Required work - Every line containing the word "symmetric" must be pulled from the records.

Data excerpts -

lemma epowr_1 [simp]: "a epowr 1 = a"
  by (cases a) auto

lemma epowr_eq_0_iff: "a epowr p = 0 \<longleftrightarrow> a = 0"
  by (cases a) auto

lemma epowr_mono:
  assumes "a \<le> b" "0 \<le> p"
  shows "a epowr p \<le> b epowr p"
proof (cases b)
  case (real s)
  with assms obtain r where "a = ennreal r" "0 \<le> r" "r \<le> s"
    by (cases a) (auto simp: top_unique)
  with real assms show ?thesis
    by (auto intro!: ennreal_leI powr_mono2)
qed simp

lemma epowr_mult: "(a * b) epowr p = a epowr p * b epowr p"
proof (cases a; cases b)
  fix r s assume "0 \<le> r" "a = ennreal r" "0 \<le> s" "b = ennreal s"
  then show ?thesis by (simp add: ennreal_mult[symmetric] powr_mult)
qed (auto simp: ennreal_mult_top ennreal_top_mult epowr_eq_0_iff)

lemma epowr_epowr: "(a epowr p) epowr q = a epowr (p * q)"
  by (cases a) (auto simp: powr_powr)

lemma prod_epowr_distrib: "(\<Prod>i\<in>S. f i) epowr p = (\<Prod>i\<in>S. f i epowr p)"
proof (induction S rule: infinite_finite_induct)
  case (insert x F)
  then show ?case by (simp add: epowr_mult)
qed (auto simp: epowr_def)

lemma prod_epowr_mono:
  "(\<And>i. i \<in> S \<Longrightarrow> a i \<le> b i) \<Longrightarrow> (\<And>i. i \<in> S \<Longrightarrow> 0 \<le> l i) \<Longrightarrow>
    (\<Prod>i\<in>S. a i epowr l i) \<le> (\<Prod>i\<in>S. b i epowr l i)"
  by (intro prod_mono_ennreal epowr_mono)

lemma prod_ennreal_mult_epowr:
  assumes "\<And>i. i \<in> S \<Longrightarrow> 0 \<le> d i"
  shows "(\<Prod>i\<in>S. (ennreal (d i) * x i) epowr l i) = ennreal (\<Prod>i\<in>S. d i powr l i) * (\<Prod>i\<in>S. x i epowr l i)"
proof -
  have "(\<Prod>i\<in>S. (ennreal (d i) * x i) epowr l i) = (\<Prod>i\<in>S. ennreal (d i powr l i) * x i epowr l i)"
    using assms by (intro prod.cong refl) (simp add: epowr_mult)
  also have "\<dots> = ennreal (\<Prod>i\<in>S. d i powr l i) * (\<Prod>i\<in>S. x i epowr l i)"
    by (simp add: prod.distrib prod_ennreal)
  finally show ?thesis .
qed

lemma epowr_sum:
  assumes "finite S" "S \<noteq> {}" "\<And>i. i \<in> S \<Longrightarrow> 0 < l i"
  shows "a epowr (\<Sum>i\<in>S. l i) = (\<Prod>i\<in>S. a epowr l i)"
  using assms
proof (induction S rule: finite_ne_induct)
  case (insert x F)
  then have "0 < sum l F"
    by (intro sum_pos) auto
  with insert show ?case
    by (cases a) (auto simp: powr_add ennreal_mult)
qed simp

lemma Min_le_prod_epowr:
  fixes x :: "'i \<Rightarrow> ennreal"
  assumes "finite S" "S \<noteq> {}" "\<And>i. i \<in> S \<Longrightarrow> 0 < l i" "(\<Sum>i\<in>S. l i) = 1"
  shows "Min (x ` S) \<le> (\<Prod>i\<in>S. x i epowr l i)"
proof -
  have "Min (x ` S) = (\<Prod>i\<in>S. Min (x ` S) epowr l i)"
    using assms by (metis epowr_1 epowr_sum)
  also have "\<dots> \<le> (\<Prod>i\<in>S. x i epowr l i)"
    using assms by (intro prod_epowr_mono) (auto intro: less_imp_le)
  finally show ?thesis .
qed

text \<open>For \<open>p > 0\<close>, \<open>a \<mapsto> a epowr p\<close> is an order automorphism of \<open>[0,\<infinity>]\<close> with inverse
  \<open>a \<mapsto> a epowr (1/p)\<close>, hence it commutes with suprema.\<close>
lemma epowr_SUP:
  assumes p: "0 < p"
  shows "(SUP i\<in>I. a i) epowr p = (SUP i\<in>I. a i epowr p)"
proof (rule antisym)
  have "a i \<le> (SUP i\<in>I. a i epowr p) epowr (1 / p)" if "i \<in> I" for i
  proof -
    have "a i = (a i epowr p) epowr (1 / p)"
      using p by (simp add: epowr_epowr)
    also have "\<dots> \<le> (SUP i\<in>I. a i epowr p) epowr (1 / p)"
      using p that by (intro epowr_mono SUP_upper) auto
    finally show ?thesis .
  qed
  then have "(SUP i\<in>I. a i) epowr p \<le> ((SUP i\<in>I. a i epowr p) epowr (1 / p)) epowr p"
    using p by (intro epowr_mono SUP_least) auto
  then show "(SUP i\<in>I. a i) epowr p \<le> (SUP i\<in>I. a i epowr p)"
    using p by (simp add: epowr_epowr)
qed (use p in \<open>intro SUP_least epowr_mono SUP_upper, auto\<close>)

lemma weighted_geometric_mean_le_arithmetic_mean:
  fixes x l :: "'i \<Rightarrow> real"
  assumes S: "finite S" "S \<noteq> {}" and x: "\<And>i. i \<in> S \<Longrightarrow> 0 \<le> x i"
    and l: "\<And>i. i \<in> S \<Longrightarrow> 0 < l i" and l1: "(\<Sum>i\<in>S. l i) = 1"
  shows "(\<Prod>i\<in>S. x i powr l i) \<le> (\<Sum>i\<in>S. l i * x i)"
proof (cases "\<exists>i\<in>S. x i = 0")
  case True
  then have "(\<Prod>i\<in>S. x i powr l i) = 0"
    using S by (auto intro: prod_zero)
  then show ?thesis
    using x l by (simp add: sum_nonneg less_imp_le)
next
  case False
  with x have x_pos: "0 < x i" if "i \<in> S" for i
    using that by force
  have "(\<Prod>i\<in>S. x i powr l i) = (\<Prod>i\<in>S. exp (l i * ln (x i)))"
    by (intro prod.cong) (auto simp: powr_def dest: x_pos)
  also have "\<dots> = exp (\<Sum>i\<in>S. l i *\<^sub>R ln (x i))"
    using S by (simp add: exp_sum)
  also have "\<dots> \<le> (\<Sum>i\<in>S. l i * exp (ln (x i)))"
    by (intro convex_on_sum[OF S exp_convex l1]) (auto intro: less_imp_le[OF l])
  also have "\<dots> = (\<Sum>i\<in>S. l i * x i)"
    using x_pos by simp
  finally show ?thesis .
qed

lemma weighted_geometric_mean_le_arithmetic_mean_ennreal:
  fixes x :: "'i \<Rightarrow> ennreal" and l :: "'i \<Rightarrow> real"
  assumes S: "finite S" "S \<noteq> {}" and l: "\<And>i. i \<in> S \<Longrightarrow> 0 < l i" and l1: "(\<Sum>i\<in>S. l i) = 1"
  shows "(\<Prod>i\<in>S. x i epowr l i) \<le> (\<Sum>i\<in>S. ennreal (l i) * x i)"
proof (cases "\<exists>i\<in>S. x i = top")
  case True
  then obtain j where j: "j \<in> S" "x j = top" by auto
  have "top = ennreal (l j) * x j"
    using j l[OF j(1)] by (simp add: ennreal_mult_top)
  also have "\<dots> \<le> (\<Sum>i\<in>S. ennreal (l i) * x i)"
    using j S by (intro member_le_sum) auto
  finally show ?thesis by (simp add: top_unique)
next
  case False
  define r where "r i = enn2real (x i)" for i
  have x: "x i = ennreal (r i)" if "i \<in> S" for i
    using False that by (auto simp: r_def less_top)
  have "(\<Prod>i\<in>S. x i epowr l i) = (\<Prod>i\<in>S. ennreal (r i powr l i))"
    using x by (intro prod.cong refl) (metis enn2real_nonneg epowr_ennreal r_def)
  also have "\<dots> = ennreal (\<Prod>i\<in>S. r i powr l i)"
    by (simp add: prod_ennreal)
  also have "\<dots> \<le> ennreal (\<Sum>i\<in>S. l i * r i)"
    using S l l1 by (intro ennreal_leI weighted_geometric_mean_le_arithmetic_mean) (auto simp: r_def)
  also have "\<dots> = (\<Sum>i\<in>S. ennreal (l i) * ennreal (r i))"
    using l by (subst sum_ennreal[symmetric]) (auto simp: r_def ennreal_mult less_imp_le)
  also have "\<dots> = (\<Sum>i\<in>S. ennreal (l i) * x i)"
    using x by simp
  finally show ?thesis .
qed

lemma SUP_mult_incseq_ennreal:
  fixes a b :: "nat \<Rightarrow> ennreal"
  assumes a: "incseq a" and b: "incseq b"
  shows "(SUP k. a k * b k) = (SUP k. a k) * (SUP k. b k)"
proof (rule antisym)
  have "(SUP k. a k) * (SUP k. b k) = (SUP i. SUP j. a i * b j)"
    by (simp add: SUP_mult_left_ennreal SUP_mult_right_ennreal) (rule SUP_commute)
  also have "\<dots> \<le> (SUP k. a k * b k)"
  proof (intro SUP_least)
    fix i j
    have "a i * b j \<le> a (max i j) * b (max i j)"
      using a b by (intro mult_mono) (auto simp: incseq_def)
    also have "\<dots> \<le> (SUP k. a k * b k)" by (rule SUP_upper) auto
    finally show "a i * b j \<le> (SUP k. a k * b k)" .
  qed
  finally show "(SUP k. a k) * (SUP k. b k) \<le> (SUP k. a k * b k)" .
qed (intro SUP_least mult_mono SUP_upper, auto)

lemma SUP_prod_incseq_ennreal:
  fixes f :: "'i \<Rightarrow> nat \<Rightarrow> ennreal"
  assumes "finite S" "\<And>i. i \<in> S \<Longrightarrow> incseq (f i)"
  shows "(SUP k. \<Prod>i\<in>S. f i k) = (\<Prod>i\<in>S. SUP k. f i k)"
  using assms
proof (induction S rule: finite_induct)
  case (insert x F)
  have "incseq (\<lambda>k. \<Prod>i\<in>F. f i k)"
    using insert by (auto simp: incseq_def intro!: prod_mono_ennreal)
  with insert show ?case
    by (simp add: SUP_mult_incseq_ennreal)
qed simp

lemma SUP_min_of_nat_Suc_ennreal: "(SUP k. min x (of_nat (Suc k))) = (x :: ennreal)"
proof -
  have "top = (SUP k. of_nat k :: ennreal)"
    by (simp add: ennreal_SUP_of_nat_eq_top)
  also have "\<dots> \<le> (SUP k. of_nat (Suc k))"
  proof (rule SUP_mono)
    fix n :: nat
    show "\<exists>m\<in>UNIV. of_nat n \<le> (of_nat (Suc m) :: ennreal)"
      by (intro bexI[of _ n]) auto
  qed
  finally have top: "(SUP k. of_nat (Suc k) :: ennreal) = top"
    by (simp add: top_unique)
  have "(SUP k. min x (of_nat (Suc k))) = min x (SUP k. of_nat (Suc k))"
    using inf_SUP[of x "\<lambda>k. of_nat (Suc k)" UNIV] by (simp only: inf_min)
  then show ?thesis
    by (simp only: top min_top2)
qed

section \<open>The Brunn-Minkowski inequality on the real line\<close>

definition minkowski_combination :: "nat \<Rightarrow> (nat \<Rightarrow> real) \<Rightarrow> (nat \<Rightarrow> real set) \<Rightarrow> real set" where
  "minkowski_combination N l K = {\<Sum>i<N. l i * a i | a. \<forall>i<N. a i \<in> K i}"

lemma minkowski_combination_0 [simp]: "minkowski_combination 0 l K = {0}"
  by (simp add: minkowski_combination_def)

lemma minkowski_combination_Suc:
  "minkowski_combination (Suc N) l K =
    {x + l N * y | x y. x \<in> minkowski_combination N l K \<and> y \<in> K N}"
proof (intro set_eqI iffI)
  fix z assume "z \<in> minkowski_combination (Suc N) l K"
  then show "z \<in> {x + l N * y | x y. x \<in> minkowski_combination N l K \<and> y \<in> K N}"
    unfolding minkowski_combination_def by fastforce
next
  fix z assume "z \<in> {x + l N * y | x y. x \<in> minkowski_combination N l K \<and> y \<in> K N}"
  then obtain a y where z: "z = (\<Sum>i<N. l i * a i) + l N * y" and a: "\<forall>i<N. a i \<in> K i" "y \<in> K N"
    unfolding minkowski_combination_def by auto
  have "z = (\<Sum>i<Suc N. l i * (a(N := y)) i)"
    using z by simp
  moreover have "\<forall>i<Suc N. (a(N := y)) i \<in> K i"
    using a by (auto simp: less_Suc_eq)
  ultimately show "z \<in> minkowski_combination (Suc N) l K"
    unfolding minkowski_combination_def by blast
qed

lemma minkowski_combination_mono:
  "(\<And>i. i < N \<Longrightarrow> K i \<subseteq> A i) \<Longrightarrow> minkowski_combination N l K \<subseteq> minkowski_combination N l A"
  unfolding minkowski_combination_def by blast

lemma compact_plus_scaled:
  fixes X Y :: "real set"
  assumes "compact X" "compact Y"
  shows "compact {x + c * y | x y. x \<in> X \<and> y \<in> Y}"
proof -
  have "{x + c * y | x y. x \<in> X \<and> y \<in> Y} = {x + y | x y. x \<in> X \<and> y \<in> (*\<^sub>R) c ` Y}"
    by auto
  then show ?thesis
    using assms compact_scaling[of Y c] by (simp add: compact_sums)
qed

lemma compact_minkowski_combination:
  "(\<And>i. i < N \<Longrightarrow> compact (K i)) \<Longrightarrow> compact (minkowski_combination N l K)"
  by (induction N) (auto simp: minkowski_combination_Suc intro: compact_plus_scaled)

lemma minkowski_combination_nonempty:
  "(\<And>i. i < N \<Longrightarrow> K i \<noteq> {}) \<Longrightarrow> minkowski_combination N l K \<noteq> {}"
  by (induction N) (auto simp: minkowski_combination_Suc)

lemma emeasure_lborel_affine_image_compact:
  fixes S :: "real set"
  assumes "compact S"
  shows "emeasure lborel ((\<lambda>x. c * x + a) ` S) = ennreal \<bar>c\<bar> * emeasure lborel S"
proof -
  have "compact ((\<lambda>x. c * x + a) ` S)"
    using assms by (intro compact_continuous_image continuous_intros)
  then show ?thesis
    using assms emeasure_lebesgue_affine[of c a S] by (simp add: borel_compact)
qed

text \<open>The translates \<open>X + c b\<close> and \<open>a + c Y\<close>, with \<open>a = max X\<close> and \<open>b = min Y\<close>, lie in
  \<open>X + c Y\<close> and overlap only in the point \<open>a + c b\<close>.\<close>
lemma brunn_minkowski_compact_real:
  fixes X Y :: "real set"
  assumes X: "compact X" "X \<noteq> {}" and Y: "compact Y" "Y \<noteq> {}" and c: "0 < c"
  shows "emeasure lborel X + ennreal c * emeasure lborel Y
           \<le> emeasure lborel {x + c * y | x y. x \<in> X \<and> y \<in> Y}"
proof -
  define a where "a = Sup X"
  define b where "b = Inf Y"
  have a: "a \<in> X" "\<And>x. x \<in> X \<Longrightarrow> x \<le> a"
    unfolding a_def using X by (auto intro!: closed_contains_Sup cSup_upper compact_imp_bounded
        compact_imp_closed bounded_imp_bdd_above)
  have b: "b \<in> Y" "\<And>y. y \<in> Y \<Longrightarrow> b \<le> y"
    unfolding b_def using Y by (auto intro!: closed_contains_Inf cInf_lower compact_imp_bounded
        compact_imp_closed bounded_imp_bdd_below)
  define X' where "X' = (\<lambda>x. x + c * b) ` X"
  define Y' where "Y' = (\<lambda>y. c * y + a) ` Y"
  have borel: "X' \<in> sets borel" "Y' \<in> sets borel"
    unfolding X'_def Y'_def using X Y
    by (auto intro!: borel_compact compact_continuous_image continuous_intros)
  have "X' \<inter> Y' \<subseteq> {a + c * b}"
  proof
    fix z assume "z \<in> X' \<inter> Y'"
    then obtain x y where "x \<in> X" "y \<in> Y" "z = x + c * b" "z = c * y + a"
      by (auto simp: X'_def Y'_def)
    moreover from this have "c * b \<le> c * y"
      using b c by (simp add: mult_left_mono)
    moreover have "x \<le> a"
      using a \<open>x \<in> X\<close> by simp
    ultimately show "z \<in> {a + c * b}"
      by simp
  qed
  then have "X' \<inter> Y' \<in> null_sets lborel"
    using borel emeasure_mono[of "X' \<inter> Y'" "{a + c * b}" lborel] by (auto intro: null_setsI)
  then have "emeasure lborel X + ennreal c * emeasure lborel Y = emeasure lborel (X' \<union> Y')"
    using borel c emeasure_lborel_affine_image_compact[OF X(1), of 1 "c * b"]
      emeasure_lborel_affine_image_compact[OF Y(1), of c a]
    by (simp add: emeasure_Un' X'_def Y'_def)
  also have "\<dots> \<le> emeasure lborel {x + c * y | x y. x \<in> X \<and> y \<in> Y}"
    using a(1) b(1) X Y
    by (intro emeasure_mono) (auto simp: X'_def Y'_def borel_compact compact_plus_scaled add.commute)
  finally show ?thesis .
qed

---

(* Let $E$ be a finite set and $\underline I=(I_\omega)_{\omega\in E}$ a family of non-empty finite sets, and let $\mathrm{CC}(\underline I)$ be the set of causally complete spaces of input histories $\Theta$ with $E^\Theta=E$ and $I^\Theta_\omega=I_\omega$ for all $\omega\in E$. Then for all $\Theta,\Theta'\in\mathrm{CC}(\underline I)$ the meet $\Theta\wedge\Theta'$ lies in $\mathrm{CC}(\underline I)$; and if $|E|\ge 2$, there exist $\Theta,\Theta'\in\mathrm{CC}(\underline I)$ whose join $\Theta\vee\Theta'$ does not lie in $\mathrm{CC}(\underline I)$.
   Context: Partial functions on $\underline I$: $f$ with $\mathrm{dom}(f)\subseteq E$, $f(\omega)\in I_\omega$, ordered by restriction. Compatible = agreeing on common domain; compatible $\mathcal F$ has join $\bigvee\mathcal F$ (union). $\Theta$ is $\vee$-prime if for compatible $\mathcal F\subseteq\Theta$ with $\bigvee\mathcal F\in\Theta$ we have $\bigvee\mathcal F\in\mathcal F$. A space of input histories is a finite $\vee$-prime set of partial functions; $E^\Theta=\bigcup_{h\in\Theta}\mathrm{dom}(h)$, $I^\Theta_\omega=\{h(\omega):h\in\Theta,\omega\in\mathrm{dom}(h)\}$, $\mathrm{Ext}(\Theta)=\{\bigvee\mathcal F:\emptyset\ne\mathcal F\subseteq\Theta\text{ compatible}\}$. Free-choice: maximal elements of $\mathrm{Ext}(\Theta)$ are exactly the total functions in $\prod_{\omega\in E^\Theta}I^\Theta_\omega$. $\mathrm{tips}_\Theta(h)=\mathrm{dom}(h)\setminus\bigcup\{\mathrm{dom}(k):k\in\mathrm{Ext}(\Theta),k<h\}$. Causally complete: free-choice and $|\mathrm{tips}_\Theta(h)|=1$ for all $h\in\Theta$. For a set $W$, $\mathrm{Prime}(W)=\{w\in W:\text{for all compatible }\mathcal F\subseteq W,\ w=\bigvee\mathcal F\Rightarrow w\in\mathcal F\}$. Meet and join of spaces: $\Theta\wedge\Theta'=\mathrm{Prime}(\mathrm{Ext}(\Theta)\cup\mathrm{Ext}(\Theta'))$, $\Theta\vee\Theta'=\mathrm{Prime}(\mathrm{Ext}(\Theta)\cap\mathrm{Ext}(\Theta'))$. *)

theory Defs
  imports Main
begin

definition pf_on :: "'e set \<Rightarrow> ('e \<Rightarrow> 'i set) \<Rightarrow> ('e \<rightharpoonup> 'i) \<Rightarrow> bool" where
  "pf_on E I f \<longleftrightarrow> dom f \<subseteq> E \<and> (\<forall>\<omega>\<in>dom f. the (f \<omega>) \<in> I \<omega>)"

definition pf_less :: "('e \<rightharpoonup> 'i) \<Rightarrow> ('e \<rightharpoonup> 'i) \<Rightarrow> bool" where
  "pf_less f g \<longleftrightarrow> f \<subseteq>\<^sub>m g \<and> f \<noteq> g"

Exercise solution -
  then show ?thesis by (simp add: ennreal_mult[symmetric] powr_mult)
    using l by (subst sum_ennreal[symmetric]) (auto simp: r_def ennreal_mult less_imp_le)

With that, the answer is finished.